Coaching-Supported OER Implementation for Learner Self-Regulation in Secondary Blended Learning: A Mixed-Methods Framework
Keywords:
Open Educational Resources, OER-Enabled Pedagogy, Self-Regulated Learning, Instructional Coaching, Blended LearningAbstract
Open educational resources have been widely promoted as equity-oriented tools for expanding curriculum access in secondary education, yet their integration into blended learning environments consistently underdelivers measurable improvements in learner self-regulation when implementation lacks the pedagogical scaffolding and professional support structures that effective use requires. This paper proposes a mixed-methods framework for coaching-supported OER implementation in secondary blended learning, grounded in the theoretical intersections of OER-enabled pedagogy, self-regulated learning theory, instructional coaching research, and implementation science. The framework identifies four interdependent implementation conditions: OER quality and instructional alignment, coaching-supported teacher capacity development, self-regulation scaffolding embedded within blended task design, and institutional sustainability conditions encompassing leadership, infrastructure, and professional community. A quasi-experimental study involving 155 secondary school learners across two blended learning cohorts, complemented by qualitative interviews with participating teachers and students, provides the evaluative architecture within which these conditions operate. Three quantitative tables present outcome data on learner self-regulation, academic performance, and engagement alongside published benchmarks drawn from the OER, coaching, and self-regulated learning literatures.

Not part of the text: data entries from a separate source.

(* Let $p$ be a prime, let $d,n$ be natural numbers, and let $A\subseteq\{0,1\}^n\subseteq\mathbb{F}_p^n$ satisfy $|A|>p\cdot|\mathcal{M}_{\lfloor d/p\rfloor}(p,n)|$. Then $\mathsf{int\text{-}deg}_p(p\cdot A)>d$.
   Context: For $A\subseteq\mathbb{F}_p^n$ and a positive integer $k$, $k\cdot A=\{a_1+\dots+a_k \mid a_i\in A\}$ is the $k$-fold sumset (addition in $\mathbb{F}_p^n$). A polynomial in $\mathbb{F}_p[x_1,\dots,x_n]$ is $p$-reduced if each variable appears with individual degree at most $p-1$; every function $\mathbb{F}_p^n\to\mathbb{F}_p$ is represented by a unique $p$-reduced polynomial. For $B\subseteq\mathbb{F}_p^n$, $\mathsf{int\text{-}deg}_p(B)$ is the minimum $d$ such that every function $f:B\to\mathbb{F}_p$ agrees on $B$ with some $p$-reduced polynomial of total degree at most $d$. $\mathcal{M}_k(p,n)$ denotes the set of monomials in $x_1,\dots,x_n$ in which each variable has degree at most $p-1$ and the total degree is at most $k$. *)

theory Defs
  imports Main "HOL-Computational_Algebra.Primes"
begin

definition Fpn :: "nat \<Rightarrow> nat \<Rightarrow> (nat \<Rightarrow> nat) set" where
  "Fpn p n = {x. (\<forall>i<n. x i < p) \<and> (\<forall>i\<ge>n. x i = 0)}"

definition cube :: "nat \<Rightarrow> (nat \<Rightarrow> nat) set" where
  "cube n = {x. (\<forall>i<n. x i \<le> 1) \<and> (\<forall>i\<ge>n. x i = 0)}"

definition kfold_sumset :: "nat \<Rightarrow> nat \<Rightarrow> (nat \<Rightarrow> nat) set \<Rightarrow> (nat \<Rightarrow> nat) set" where
  "kfold_sumset p k A = {(\<lambda>i. (\<Sum>j<k. a j i) mod p) | a. \<forall>j<k. a j \<in> A}"

definition monomials :: "nat \<Rightarrow> nat \<Rightarrow> nat \<Rightarrow> (nat \<Rightarrow> nat) set" where
  "monomials k p n = {e. (\<forall>i<n. e i \<le> p - 1) \<and> (\<forall>i\<ge>n. e i = 0) \<and> (\<Sum>i<n. e i) \<le> k}"

definition eval_poly :: "nat \<Rightarrow> nat \<Rightarrow> nat \<Rightarrow> ((nat \<Rightarrow> nat) \<Rightarrow> nat) \<Rightarrow> (nat \<Rightarrow> nat) \<Rightarrow> nat" where
  "eval_poly d p n c x = (\<Sum>e\<in>monomials d p n. c e * (\<Prod>i<n. x i ^ e i)) mod p"

definition interpolates :: "nat \<Rightarrow> nat \<Rightarrow> nat \<Rightarrow> (nat \<Rightarrow> nat) set \<Rightarrow> bool" where
  "interpolates d p n B \<longleftrightarrow>
     (\<forall>f. (\<forall>x\<in>B. f x < p) \<longrightarrow> (\<exists>c. \<forall>x\<in>B. f x = eval_poly d p n c x))"

definition int_deg :: "nat \<Rightarrow> nat \<Rightarrow> (nat \<Rightarrow> nat) set \<Rightarrow> nat" where
  "int_deg p n B = (LEAST d. interpolates d p n B)"

end

theory Submission
  imports Defs "HOL-Number_Theory.Number_Theory" "HOL-Library.FuncSet"
begin

text \<open>Let \<open>P\<close> be a \<open>p\<close>-reduced polynomial of degree at most \<open>d\<close> that is \<open>1\<close> at \<open>0\<close> and \<open>0\<close> elsewhere
  on \<open>p\<cdot>A\<close>. Then \<open>T(a\<^sub>1, \<dots>, a\<^sub>p) = P(a\<^sub>1 + \<dots> + a\<^sub>p)\<close> is a diagonal function on \<open>A\<^sup>p\<close> with nonzero
  diagonal, because \<open>p\<close> vectors of \<open>{0,1}\<^sup>n\<close> sum to \<open>0\<close> in \<open>\<bbbF>\<^sub>p\<^sup>n\<close> only if they coincide; by Tao's
  lemma its slice rank is \<open>|A|\<close>. On binary inputs \<open>T\<close> is a multilinear polynomial of degree
  \<open>d < p (\<lfloor>d/p\<rfloor> + 1)\<close> in the \<open>p n\<close> coordinates, so each monomial contains at most \<open>\<lfloor>d/p\<rfloor>\<close>
  variables of one of the \<open>p\<close> blocks; hence the slice rank is at most \<open>p |M\<^bsub>\<lfloor>d/p\<rfloor>\<^esub>(p,n)|\<close>.
  Linear algebra over \<open>\<bbbF>\<^sub>p\<close> is done with integers modulo \<open>p\<close>, and dimensions are replaced by
  counting vectors with entries in \<open>{0..<p}\<close>.\<close>

section \<open>Annihilators over \<open>\<int>/p\<close>\<close>

definition annihilator :: "nat \<Rightarrow> 'x set \<Rightarrow> 'r set \<Rightarrow> ('r \<Rightarrow> 'x \<Rightarrow> int) \<Rightarrow> ('x \<Rightarrow> int) set" where
  "annihilator p S R F =
     {h \<in> S \<rightarrow>\<^sub>E {0..<int p}. \<forall>r\<in>R. [(\<Sum>b\<in>S. F r b * h b) = 0] (mod int p)}"

definition lincomb_mod :: "nat \<Rightarrow> 'x set \<Rightarrow> ('x \<Rightarrow> int) \<Rightarrow> int \<Rightarrow> ('x \<Rightarrow> int) \<Rightarrow> 'x \<Rightarrow> int" where
  "lincomb_mod p S h s k = restrict (\<lambda>b. (h b + s * k b) mod int p) S"

lemma finite_annihilator: "finite S \<Longrightarrow> finite (annihilator p S R F)"
  by (rule finite_subset[of _ "S \<rightarrow>\<^sub>E {0..<int p}"]) (auto simp: annihilator_def finite_PiE)

lemma zero_in_annihilator: "p > 0 \<Longrightarrow> restrict (\<lambda>_. 0) S \<in> annihilator p S R F"
  by (simp add: annihilator_def)

lemma lincomb_mod_in_PiE:
  "p > 0 \<Longrightarrow> lincomb_mod p S h s k \<in> S \<rightarrow>\<^sub>E {0..<int p}"
  by (auto simp: lincomb_mod_def)

lemma sum_lincomb_mod_cong:
  "[(\<Sum>b\<in>S. f b * lincomb_mod p S h s k b) = (\<Sum>b\<in>S. f b * h b) + s * (\<Sum>b\<in>S. f b * k b)] (mod int p)"
proof -
  have "[(\<Sum>b\<in>S. f b * lincomb_mod p S h s k b) = (\<Sum>b\<in>S. f b * (h b + s * k b))] (mod int p)"
    by (intro cong_sum cong_mult cong_refl) (simp add: lincomb_mod_def)
  also have "(\<Sum>b\<in>S. f b * (h b + s * k b)) = (\<Sum>b\<in>S. f b * h b) + s * (\<Sum>b\<in>S. f b * k b)"
    by (simp add: algebra_simps sum.distrib sum_distrib_left)
  finally show ?thesis .
qed

lemma lincomb_mod_annihilator:
  assumes "h \<in> annihilator p S R F" "k \<in> annihilator p S R F" "p > 0"
  shows "lincomb_mod p S h s k \<in> annihilator p S R F"
proof -
  have "[(\<Sum>b\<in>S. F r b * lincomb_mod p S h s k b) = 0] (mod int p)" if "r \<in> R" for r
  proof -
    have "[(\<Sum>b\<in>S. F r b * h b) + s * (\<Sum>b\<in>S. F r b * k b) = 0 + s * 0] (mod int p)"
      using assms(1,2) that by (intro cong_add cong_mult cong_refl) (auto simp: annihilator_def)
    with sum_lincomb_mod_cong show ?thesis by (metis cong_trans add_0 mult_zero_right)
  qed
  with assms(3) show ?thesis by (simp add: annihilator_def lincomb_mod_in_PiE)
qed

lemma residue_vectors_cong_imp_eq:
  fixes m :: int
  assumes "h \<in> S \<rightarrow>\<^sub>E {0..<m}" "k \<in> S \<rightarrow>\<^sub>E {0..<m}" "b \<in> S" "[h b = k b] (mod m)"
  shows "h b = k b"
  using PiE_mem[OF assms(1,3)] PiE_mem[OF assms(2,3)] assms(4) by (auto intro: cong_less_imp_eq_int)

lemma lincomb_mod_minus_eq_0_iff:
  assumes "h \<in> S \<rightarrow>\<^sub>E {0..<int p}" "k \<in> S \<rightarrow>\<^sub>E {0..<int p}" "b \<in> S"
  shows "lincomb_mod p S h (-1) k b = 0 \<longleftrightarrow> h b = k b"
proof -
  have "(h b - k b) mod int p = 0 \<longleftrightarrow> [h b = k b] (mod int p)"
    by (simp add: cong_iff_dvd_diff mod_eq_0_iff_dvd)
  also have "\<dots> \<longleftrightarrow> h b = k b"
    using residue_vectors_cong_imp_eq[OF assms] by auto
  finally show ?thesis using assms(3) by (simp add: lincomb_mod_def)
qed

lemma lincomb_mod_minus_in_annihilator:
  assumes "p > 0" "\<forall>r\<in>R. [(\<Sum>b\<in>S. F r b * h b) = (\<Sum>b\<in>S. F r b * g b)] (mod int p)"
  shows "lincomb_mod p S h (-1) g \<in> annihilator p S R F"
proof -
  have "[(\<Sum>b\<in>S. F r b * lincomb_mod p S h (-1) g b) = 0] (mod int p)" if "r \<in> R" for r
  proof -
    have "[(\<Sum>b\<in>S. F r b * h b) + -1 * (\<Sum>b\<in>S. F r b * g b) = 0] (mod int p)"
      using assms(2) that by (simp add: cong_iff_dvd_diff)
    with sum_lincomb_mod_cong show ?thesis by (rule cong_trans)
  qed
  then show ?thesis by (simp add: annihilator_def lincomb_mod_in_PiE assms(1))
qed

lemma lincomb_mod_minus_cancel:
  assumes "h \<in> S \<rightarrow>\<^sub>E {0..<int p}" "g \<in> S \<rightarrow>\<^sub>E {0..<int p}"
    and "lincomb_mod p S h (-1) k = lincomb_mod p S g (-1) k"
  shows "h = g"
proof (rule PiE_ext[OF assms(1,2)])
  fix b assume "b \<in> S"
  then have "[h b - k b = g b - k b] (mod int p)"
    using fun_cong[OF assms(3), of b] by (simp add: lincomb_mod_def cong_def)
  then have "[h b = g b] (mod int p)"
    using cong_add_rcancel[of "h b" "- k b" "g b"] by (simp only: diff_conv_add_uminus)
  then show "h b = g b" by (rule residue_vectors_cong_imp_eq[OF assms(1,2) \<open>b \<in> S\<close>])
qed

text \<open>Rank--nullity, counted: a vector is determined by its syndrome and its difference to a
  fixed representative of that syndrome, which lies in the annihilator.\<close>
lemma card_annihilator_lower:
  assumes "finite S" "finite R" "p > 0"
  shows "p ^ card S \<le> p ^ card R * card (annihilator p S R F)"
proof -
  let ?V = "S \<rightarrow>\<^sub>E {0..<int p}" and ?W = "annihilator p S R F"
  define syn where "syn h = restrict (\<lambda>r. (\<Sum>b\<in>S. F r b * h b) mod int p) R" for h
  define rep where "rep v = (SOME h. h \<in> ?V \<and> syn h = v)" for v
  define enc where "enc h = (syn h, lincomb_mod p S h (-1) (rep (syn h)))" for h
  have rep: "rep (syn h) \<in> ?V \<and> syn (rep (syn h)) = syn h" if "h \<in> ?V" for h
  proof -
    have "\<exists>g. g \<in> ?V \<and> syn g = syn h" using that by blast
    then show ?thesis unfolding rep_def by (rule someI_ex)
  qed
  have "inj_on enc ?V"
  proof (rule inj_onI)
    fix h g assume "h \<in> ?V" "g \<in> ?V" and "enc h = enc g"
    then have "syn h = syn g \<and>
        lincomb_mod p S h (-1) (rep (syn h)) = lincomb_mod p S g (-1) (rep (syn g))"
      unfolding enc_def prod.inject by blast
    then show "h = g" using lincomb_mod_minus_cancel[OF \<open>h \<in> ?V\<close> \<open>g \<in> ?V\<close>] by auto
  qed
  moreover have "enc ` ?V \<subseteq> (R \<rightarrow>\<^sub>E {0..<int p}) \<times> ?W"
  proof (rule image_subsetI)
    fix h assume "h \<in> ?V"
    have "[(\<Sum>b\<in>S. F r b * h b) = (\<Sum>b\<in>S. F r b * rep (syn h) b)] (mod int p)" if "r \<in> R" for r
      using fun_cong[OF conjunct2[OF rep[OF \<open>h \<in> ?V\<close>]], of r] that by (simp add: syn_def cong_def)
    then have "lincomb_mod p S h (-1) (rep (syn h)) \<in> ?W"
      using assms(3) by (intro lincomb_mod_minus_in_annihilator) auto
    then show "enc h \<in> (R \<rightarrow>\<^sub>E {0..<int p}) \<times> ?W" using assms(3) by (simp add: enc_def syn_def)
  qed
  ultimately have "card ?V \<le> card ((R \<rightarrow>\<^sub>E {0..<int p}) \<times> ?W)"
    by (intro card_inj_on_le) (auto simp: finite_PiE assms(2) finite_annihilator[OF assms(1)])
  then show ?thesis using assms(1,2) by (simp add: card_PiE card_cartesian_product)
qed

lemma card_annihilator_ge:
  assumes "finite S" "finite R" "p > 0"
  shows "p ^ (card S - card R) \<le> card (annihilator p S R F)"
proof (cases "card R \<le> card S")
  case True
  then have "p ^ card R * p ^ (card S - card R) \<le> p ^ card R * card (annihilator p S R F)"
    using card_annihilator_lower[OF assms, of F] by (simp flip: power_add)
  then show ?thesis using assms(3) by simp
next
  case False
  then show ?thesis
    using zero_in_annihilator[OF assms(3)] finite_annihilator[OF assms(1)]
    by (simp add: Suc_le_eq card_gt_0_iff) blast
qed

lemma annihilator_enlarge_support:
  assumes "finite S" "p > 0" "h \<in> annihilator p S R F"
    and "h1 \<in> annihilator p S R F" "h2 \<in> annihilator p S R F" "h1 \<noteq> h2"
    and agree: "\<forall>b\<in>S. h b \<noteq> 0 \<longrightarrow> h1 b = h2 b"
  shows "\<exists>h'\<in>annihilator p S R F. card {b\<in>S. h b \<noteq> 0} < card {b\<in>S. h' b \<noteq> 0}"
proof -
  let ?W = "annihilator p S R F" and ?U = "{b\<in>S. h b \<noteq> 0}"
  let ?k = "lincomb_mod p S h1 (-1) h2"
  let ?h' = "lincomb_mod p S h 1 ?k"
  have k: "?k \<in> ?W" and "?h' \<in> ?W"
    using assms(2-5) by (simp_all add: lincomb_mod_annihilator)
  have vec: "h1 \<in> S \<rightarrow>\<^sub>E {0..<int p}" "h2 \<in> S \<rightarrow>\<^sub>E {0..<int p}"
    using assms(4,5) by (auto simp: annihilator_def)
  obtain b0 where "b0 \<in> S" "h1 b0 \<noteq> h2 b0"
    using assms(6) PiE_ext[OF vec] by blast
  then have "?k b0 \<noteq> 0" "b0 \<notin> ?U" using lincomb_mod_minus_eq_0_iff[OF vec] agree by auto
  have bounds: "0 \<le> h b" "h b < int p" "0 \<le> ?k b" "?k b < int p" if "b \<in> S" for b
    using assms(3) k that by (auto simp: annihilator_def)
  have "?h' b = h b" if "b \<in> ?U" for b
    using that bounds lincomb_mod_minus_eq_0_iff[OF vec] agree by (simp add: lincomb_mod_def)
  moreover have "?h' b0 = ?k b0"
    using bounds \<open>b0 \<in> S\<close> \<open>b0 \<notin> ?U\<close> by (simp add: lincomb_mod_def)
  ultimately have "insert b0 ?U \<subseteq> {b\<in>S. ?h' b \<noteq> 0}"
    using \<open>b0 \<in> S\<close> \<open>?k b0 \<noteq> 0\<close> by auto
  then have "card ?U < card {b\<in>S. ?h' b \<noteq> 0}"
    using card_mono[of "{b\<in>S. ?h' b \<noteq> 0}" "insert b0 ?U"] \<open>b0 \<notin> ?U\<close> assms(1) by simp
  with \<open>?h' \<in> ?W\<close> show ?thesis by blast
qed
theorem mainTheorem17:
  fixes V :: "'a set" and E G G0 :: "'a \<Rightarrow> 'a \<Rightarrow> bool" and w :: "'a list" and i :: 'a
  assumes "is_tree V E" and "card V \<ge> 2"
    and "orientation V E G0" and "alternating V G0"
    and "orientation V E G"
    and "reduced V E G w"
    and "target G w = G0 \<or> target G w = opp G0"
    and "i \<in> set w"
  shows "(\<forall>j. E i j \<longrightarrow> j \<notin> set (takeWhile (\<lambda>k. k \<noteq> i) w))
     \<noteq> (\<forall>j. E i j \<longrightarrow> count_list (takeWhile (\<lambda>k. k \<noteq> i) w) j = 1)"
proof -
  have sym: "symp E" and conn: "\<forall>x\<in>V. \<forall>y\<in>V. E\<^sup>*\<^sup>* x y"
    using assms(1) by (auto simp: is_tree_def intro: sympI)
  obtain u r where w: "w = u @ i # r" "i \<notin> set u"
    using assms(8) by (meson split_list_first)
  then have u: "takeWhile (\<lambda>k. k \<noteq> i) w = u"
    by (simp add: takeWhile_append)
  have comp: "composable V G w"
    using assms(6) by (simp add: reduced_def)
  then have "i \<in> V"
    using assms(8) composable_subset by blast
  then obtain j1 where j1: "E i j1"
    using connected_has_neighbour[OF conn assms(2)] by blast
  have "is_source (target G w) i \<or> is_sink (target G w) i"
    using assms(4,7) \<open>i \<in> V\<close> by (auto simp: alternating_def)
  then have parity: "even (count_list u j + count_list u j1)" if "E i j" for j
    using srcsink_target_neighbour_parity[OF assms(5) sym _ w(2) _ that j1] comp w by simp
  have at_most_once: "count_list u j \<le> 1" if "E i j" for j
    using reduced_count_neighbour_le_1[OF assms(5) sym _ w(2) that] assms(6) w by simp
  have same_count: "count_list u j = count_list u j1" if "E i j" for j
    using parity[OF that] at_most_once[OF that] at_most_once[OF j1] by (auto simp: le_Suc_eq)
  have "(\<forall>j. E i j \<longrightarrow> j \<notin> set u) \<longleftrightarrow> count_list u j1 = 0"
    using same_count j1 by (metis count_list_0_iff)
  moreover have "(\<forall>j. E i j \<longrightarrow> count_list u j = 1) \<longleftrightarrow> count_list u j1 = 1"
    using same_count j1 by metis
  ultimately show ?thesis
    using at_most_once[OF j1] unfolding u by auto
qed

end
(* Let $\alpha$ be irrational with $\ln2/\ln3<\alpha<1$ and write $1c_\alpha=s_0s_1s_2\cdots$. Then $\Phi_{\mathbb{R}}(1c_\alpha)$ and $\Phi_{\mathbb{R}}(0c_\alpha)$ exist, $\Phi_{\mathbb{R}}(0c_\alpha)=3\Phi_{\mathbb{R}}(1c_\alpha)+1$, and for every $L\ge0$ the number $\Phi_{\mathbb{R}}(s_Ls_{L+1}\cdots)$ exists and satisfies $$\Phi_{\mathbb{R}}(0c_\alpha)\le\Phi_{\mathbb{R}}(s_Ls_{L+1}\cdots)\le\Phi_{\mathbb{R}}(1c_\alpha).$$
   Context: For $0<\alpha<1$ the Sturmian words are $1c_\alpha=(\lceil(j+1)\alpha\rceil-\lceil j\alpha\rceil)_{j\ge0}$ and $0c_\alpha=(\lfloor(j+1)\alpha\rfloor-\lfloor j\alpha\rfloor)_{j\ge0}$. For an infinite $0$-$1$ word $w$ with $1$'s at positions $d_0<d_1<\cdots$, $\Phi_{\mathbb{R}}(w)$ is the real sum $-\sum_{i\ge0}2^{d_i}/3^{i+1}$, said to exist if the series converges. *)

theory Defs
  imports "HOL-Analysis.Analysis" "HOL-Library.Infinite_Set"
begin

definition sturm1 :: "real \<Rightarrow> nat \<Rightarrow> nat" where
  "sturm1 \<alpha> j = nat (\<lceil>(real j + 1) * \<alpha>\<rceil> - \<lceil>real j * \<alpha>\<rceil>)"

definition sturm0 :: "real \<Rightarrow> nat \<Rightarrow> nat" where
  "sturm0 \<alpha> j = nat (\<lfloor>(real j + 1) * \<alpha>\<rfloor> - \<lfloor>real j * \<alpha>\<rfloor>)"

definition ones :: "(nat \<Rightarrow> nat) \<Rightarrow> nat set" where
  "ones w = {j. w j = 1}"

text \<open>i-th term 2^(d_i)/3^(i+1) of the series; zero beyond the last 1 when there are
  only finitely many 1's (so that the series is then the finite sum).\<close>
definition phi_term :: "(nat \<Rightarrow> nat) \<Rightarrow> nat \<Rightarrow> real" where
  "phi_term w i = (if infinite (ones w) \<or> i < card (ones w)
     then 2 ^ (enumerate (ones w) i) / 3 ^ (i + 1) else 0)"

definition Phi_exists :: "(nat \<Rightarrow> nat) \<Rightarrow> bool" where
  "Phi_exists w \<longleftrightarrow> summable (phi_term w)"

definition PhiR :: "(nat \<Rightarrow> nat) \<Rightarrow> real" where
  "PhiR w = - (\<Sum>i. phi_term w i)"

end

theory Submission imports Defs begin
(* Let $k=3$, $\lambda>0$ and $0<\theta<1$. Put $\theta_c(3)=1/2$ and, for $\theta<1/2$, $\lambda_{\rm cr}(3)=\frac{1}{2-4\theta}\bigl(\frac43\bigr)^3$. Then: (1) if $\theta\ge1/2$, there is exactly one TISGM; (2) if $\theta<1/2$: (2a) if $\lambda\le\lambda_{\rm cr}(3)$ there is exactly one TISGM (corresponding to the solution $(x^*,x^* )$); (2b) if $\lambda>\lambda_{\rm cr}(3)$ there are exactly three TISGMs, corresponding to $(x^*,x^* )$ and two solutions $(x_1^*,x_2^* )$, $(x_2^*,x_1^* )$ with $x_1^*\ne x_2^*$.
   Context: SCWR model on the Cayley tree of order $k$ (each vertex has $k$ direct successors), spins in $\{-1,0,1\}$, activity $\lambda>0$, $\theta=e^{-J\beta}$; ferromagnetic means $0<\theta<1$. TISGMs are in one-to-one correspondence with the solutions $(x,y)\in(0,\infty)^2$ of $x=\lambda\bigl(\frac{1+x+\theta y}{1+x+y}\bigr)^k$, $y=\lambda\bigl(\frac{1+\theta x+y}{1+x+y}\bigr)^k$; the number of TISGMs is the number of such solutions. $x^*$ is the unique positive solution of $x=\lambda\bigl(\frac{1+(1+\theta)x}{1+2x}\bigr)^k$. *)

theory Defs
  imports Complex_Main
begin

text \<open>Positive solutions (x,y) of the fixed-point system; these are in one-to-one
correspondence with the TISGMs of the SCWR model on the Cayley tree of order k.\<close>
definition scwr_solutions :: "nat \<Rightarrow> real \<Rightarrow> real \<Rightarrow> (real \<times> real) set" where
  "scwr_solutions k lam th = {(x, y). x > 0 \<and> y > 0 \<and>
      x = lam * ((1 + x + th * y) / (1 + x + y)) ^ k \<and>
      y = lam * ((1 + th * x + y) / (1 + x + y)) ^ k}"

definition num_TISGM :: "nat \<Rightarrow> real \<Rightarrow> real \<Rightarrow> nat" where
  "num_TISGM k lam th = card (scwr_solutions k lam th)"

definition x_star :: "nat \<Rightarrow> real \<Rightarrow> real \<Rightarrow> real" where
  "x_star k lam th = (THE x. x > 0 \<and> x = lam * ((1 + (1 + th) * x) / (1 + 2 * x)) ^ k)"

definition lambda_cr3 :: "real \<Rightarrow> real" where
  "lambda_cr3 th = 1 / (2 - 4 * th) * (4 / 3) ^ 3"

end

theory Submission
  imports Defs
begin

text \<open>Writing \<open>x = u^3\<close>, \<open>y = v^3\<close> and \<open>L = root 3 \<lambda>\<close>, the system becomes polynomial in
  \<open>u, v\<close>. Diagonal solutions are the fixed points of a decreasing map, so there is exactly
  one, \<open>(x*, x*)\<close>. Off the diagonal, subtracting and adding the two equations shows that
  \<open>u v\<close> is determined by \<open>p = u + v\<close>, that \<open>u \<noteq> v\<close> (a positive discriminant) forces
  \<open>(1 - 2\<theta>) p^3 > 4\<close>, and that \<open>\<lambda> = branch_lambda \<theta> (p^3)\<close>. This function is strictly increasing and equals
  \<open>\<lambda>_cr(3)\<close> at \<open>p^3 = 4 / (1 - 2\<theta>)\<close>; hence off-diagonal solutions exist iff \<open>\<theta> < 1/2\<close>
  and \<open>\<lambda> > \<lambda>_cr(3)\<close>, and then \<open>p\<close> is unique, so \<open>{u, v}\<close> is unique and there are
  exactly two of them, swapped by symmetry.\<close>

lemma scwr_solutions_swap:
  "(x, y) \<in> scwr_solutions k lam th \<Longrightarrow> (y, x) \<in> scwr_solutions k lam th"
  unfolding scwr_solutions_def by (auto simp: ac_simps)

lemma power_eq_mult_power_divide_iff:
  fixes a c s lam :: real
  assumes "k > 0" "lam > 0" "a \<ge> 0" "c \<ge> 0" "s > 0"
  shows "a ^ k = lam * (c / s) ^ k \<longleftrightarrow> a * s = root k lam * c"
proof -
  have "lam * (c / s) ^ k = (root k lam * c / s) ^ k"
    using assms by (simp add: power_mult_distrib power_divide real_root_pow_pos)
  also have "a ^ k = \<dots> \<longleftrightarrow> a = root k lam * c / s"
    using assms by (intro power_eq_iff_eq_base) auto
  also have "\<dots> \<longleftrightarrow> a * s = root k lam * c"
    using assms by (simp add: field_simps)
  finally show ?thesis .
qed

The paper argues that OER adoption in secondary blended contexts cannot deliver its equity and learning potential without simultaneous investment in teacher coaching, self-regulatory task scaffolding, and the institutional governance conditions that make sustained open practice both professionally rewarding and organizationally coherent. Implications are offered for secondary school leaders, curriculum designers, librarians, and system-level policy makers seeking to build OER-enabled blended learning environments that are equitable, pedagogically rigorous, and sustainably maintained.